Records:
(* Let $X_1,\dots,X_p$ be real topological vector spaces, $X=\prod_{\nu=1}^pX_\nu$, let $C$ be a convex subset of $X$, and let $\theta_\nu:X\to\mathbb{R}$, $\nu=1,\dots,p$, be continuous functions such that for every $\nu$ and every fixed $x^{-\nu}$ the function $x^\nu\mapsto\theta_\nu(x^\nu,x^{-\nu})$ is convex. Then the bifunction $f_0:X\times X\to\mathbb{R}$, $f_0(x,y):=\sum_{\nu=1}^p\big(\theta_\nu(y^\nu,y^{-\nu})-\theta_\nu(x^\nu,y^{-\nu})\big)$, has the star finite intersection property (fip$^*$) on $C$.
   Context: For $x\in X$, $x^\nu$ denotes the $\nu$-th component and $x^{-\nu}$ the vector of the other components. A bifunction $f$ has the fip$^*$ on a convex set $C$ if for every finite non-empty subset $A$ of $C$ there exists $x\in\operatorname{co}(A)$ such that $\max_{a\in A}f(a,x)\leq 0$. *)

theory Defs
  imports "HOL-Analysis.Analysis"
begin

definition real_tvs :: "('a::{real_vector, topological_space}) itself \<Rightarrow> bool" where
  "real_tvs _ \<longleftrightarrow>
     continuous_on UNIV (\<lambda>z::'a \<times> 'a. fst z + snd z) \<and>
     continuous_on UNIV (\<lambda>z::real \<times> 'a. fst z *\<^sub>R snd z)"

text \<open>The factor spaces \<open>X_\<nu>\<close> are modelled as linear subspaces \<open>S \<nu>\<close> of a common real
topological vector space \<open>'a\<close> (with subspace topology); the index set is the finite
type \<open>'n\<close> (so \<open>p = CARD('n)\<close>). The product \<open>X\<close> is the following subset of \<open>'a ^ 'n\<close>,
carrying the product topology.\<close>
definition prod_space :: "('n::finite \<Rightarrow> 'a set) \<Rightarrow> ('a ^ 'n) set" where
  "prod_space S = {x. \<forall>\<nu>. x $ \<nu> \<in> S \<nu>}"

text \<open>\<open>upd x \<nu> t\<close> is the point \<open>(t, x^{-\<nu>})\<close>.\<close>
definition upd :: "'a ^ 'n \<Rightarrow> 'n \<Rightarrow> 'a \<Rightarrow> 'a ^ 'n" where
  "upd x \<nu> t = (\<chi> j. if j = \<nu> then t else x $ j)"

definition f0 :: "('n::finite \<Rightarrow> 'a ^ 'n \<Rightarrow> real) \<Rightarrow> 'a ^ 'n \<Rightarrow> 'a ^ 'n \<Rightarrow> real" where
  "f0 \<theta> x y = (\<Sum>\<nu>\<in>UNIV. \<theta> \<nu> y - \<theta> \<nu> (upd y \<nu> (x $ \<nu>)))"

definition fip_star :: "('b::real_vector \<Rightarrow> 'b \<Rightarrow> real) \<Rightarrow> 'b set \<Rightarrow> bool" where
  "fip_star f C \<longleftrightarrow> (\<forall>A. finite A \<and> A \<noteq> {} \<and> A \<subseteq> C \<longrightarrow>
      (\<exists>x \<in> convex hull A. Max ((\<lambda>a. f a x) ` A) \<le> 0))"

end

(*
  Enumerate a finite A = {b_0, ..., b_(m-1)} and parametrise co(A) by the probability simplex,
  x(t) = sum_j t_j b_j.  Convexity of each theta_nu in its own variable gives, by Jensen,
  sum_j t_j f0(b_j, x(t)) <= f0(x(t), x(t)) = 0 for every t.  The Nash map
  t_j |-> (t_j + g_j(t)) / (1 + sum_i g_i(t)) with gains g_j = max 0 (f0(b_j, x(t))) is a
  continuous self-map of the simplex; at a Brouwer fixed point the gains are proportional to t,
  and the averaged inequality forces them all to vanish, i.e. f0(b_j, x(t)) <= 0 for all j.

  Since m is arbitrary, Brouwer's theorem is needed in every finite dimension at once, which
  the library's type-indexed version cannot supply; it is therefore proved here for the cube
  [0,1]^n inside nat => real (product topology) from Kuhn's combinatorial lemma.
*)

theory Submission
  imports Defs
begin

What to produce:
Please transcribe the material above in full, keeping every character intact.

The answer:
(* Let $X_1,\dots,X_p$ be real topological vector spaces, $X=\prod_{\nu=1}^pX_\nu$, let $C$ be a convex subset of $X$, and let $\theta_\nu:X\to\mathbb{R}$, $\nu=1,\dots,p$, be continuous functions such that for every $\nu$ and every fixed $x^{-\nu}$ the function $x^\nu\mapsto\theta_\nu(x^\nu,x^{-\nu})$ is convex. Then the bifunction $f_0:X\times X\to\mathbb{R}$, $f_0(x,y):=\sum_{\nu=1}^p\big(\theta_\nu(y^\nu,y^{-\nu})-\theta_\nu(x^\nu,y^{-\nu})\big)$, has the star finite intersection property (fip$^*$) on $C$.
   Context: For $x\in X$, $x^\nu$ denotes the $\nu$-th component and $x^{-\nu}$ the vector of the other components. A bifunction $f$ has the fip$^*$ on a convex set $C$ if for every finite non-empty subset $A$ of $C$ there exists $x\in\operatorname{co}(A)$ such that $\max_{a\in A}f(a,x)\leq 0$. *)

theory Defs
  imports "HOL-Analysis.Analysis"
begin

definition real_tvs :: "('a::{real_vector, topological_space}) itself \<Rightarrow> bool" where
  "real_tvs _ \<longleftrightarrow>
     continuous_on UNIV (\<lambda>z::'a \<times> 'a. fst z + snd z) \<and>
     continuous_on UNIV (\<lambda>z::real \<times> 'a. fst z *\<^sub>R snd z)"

text \<open>The factor spaces \<open>X_\<nu>\<close> are modelled as linear subspaces \<open>S \<nu>\<close> of a common real
topological vector space \<open>'a\<close> (with subspace topology); the index set is the finite
type \<open>'n\<close> (so \<open>p = CARD('n)\<close>). The product \<open>X\<close> is the following subset of \<open>'a ^ 'n\<close>,
carrying the product topology.\<close>
definition prod_space :: "('n::finite \<Rightarrow> 'a set) \<Rightarrow> ('a ^ 'n) set" where
  "prod_space S = {x. \<forall>\<nu>. x $ \<nu> \<in> S \<nu>}"

text \<open>\<open>upd x \<nu> t\<close> is the point \<open>(t, x^{-\<nu>})\<close>.\<close>
definition upd :: "'a ^ 'n \<Rightarrow> 'n \<Rightarrow> 'a \<Rightarrow> 'a ^ 'n" where
  "upd x \<nu> t = (\<chi> j. if j = \<nu> then t else x $ j)"

definition f0 :: "('n::finite \<Rightarrow> 'a ^ 'n \<Rightarrow> real) \<Rightarrow> 'a ^ 'n \<Rightarrow> 'a ^ 'n \<Rightarrow> real" where
  "f0 \<theta> x y = (\<Sum>\<nu>\<in>UNIV. \<theta> \<nu> y - \<theta> \<nu> (upd y \<nu> (x $ \<nu>)))"

definition fip_star :: "('b::real_vector \<Rightarrow> 'b \<Rightarrow> real) \<Rightarrow> 'b set \<Rightarrow> bool" where
  "fip_star f C \<longleftrightarrow> (\<forall>A. finite A \<and> A \<noteq> {} \<and> A \<subseteq> C \<longrightarrow>
      (\<exists>x \<in> convex hull A. Max ((\<lambda>a. f a x) ` A) \<le> 0))"

end

(*
  Enumerate a finite A = {b_0, ..., b_(m-1)} and parametrise co(A) by the probability simplex,
  x(t) = sum_j t_j b_j.  Convexity of each theta_nu in its own variable gives, by Jensen,
  sum_j t_j f0(b_j, x(t)) <= f0(x(t), x(t)) = 0 for every t.  The Nash map
  t_j |-> (t_j + g_j(t)) / (1 + sum_i g_i(t)) with gains g_j = max 0 (f0(b_j, x(t))) is a
  continuous self-map of the simplex; at a Brouwer fixed point the gains are proportional to t,
  and the averaged inequality forces them all to vanish, i.e. f0(b_j, x(t)) <= 0 for all j.

  Since m is arbitrary, Brouwer's theorem is needed in every finite dimension at once, which
  the library's type-indexed version cannot supply; it is therefore proved here for the cube
  [0,1]^n inside nat => real (product topology) from Kuhn's combinatorial lemma.
*)

theory Submission
  imports Defs
begin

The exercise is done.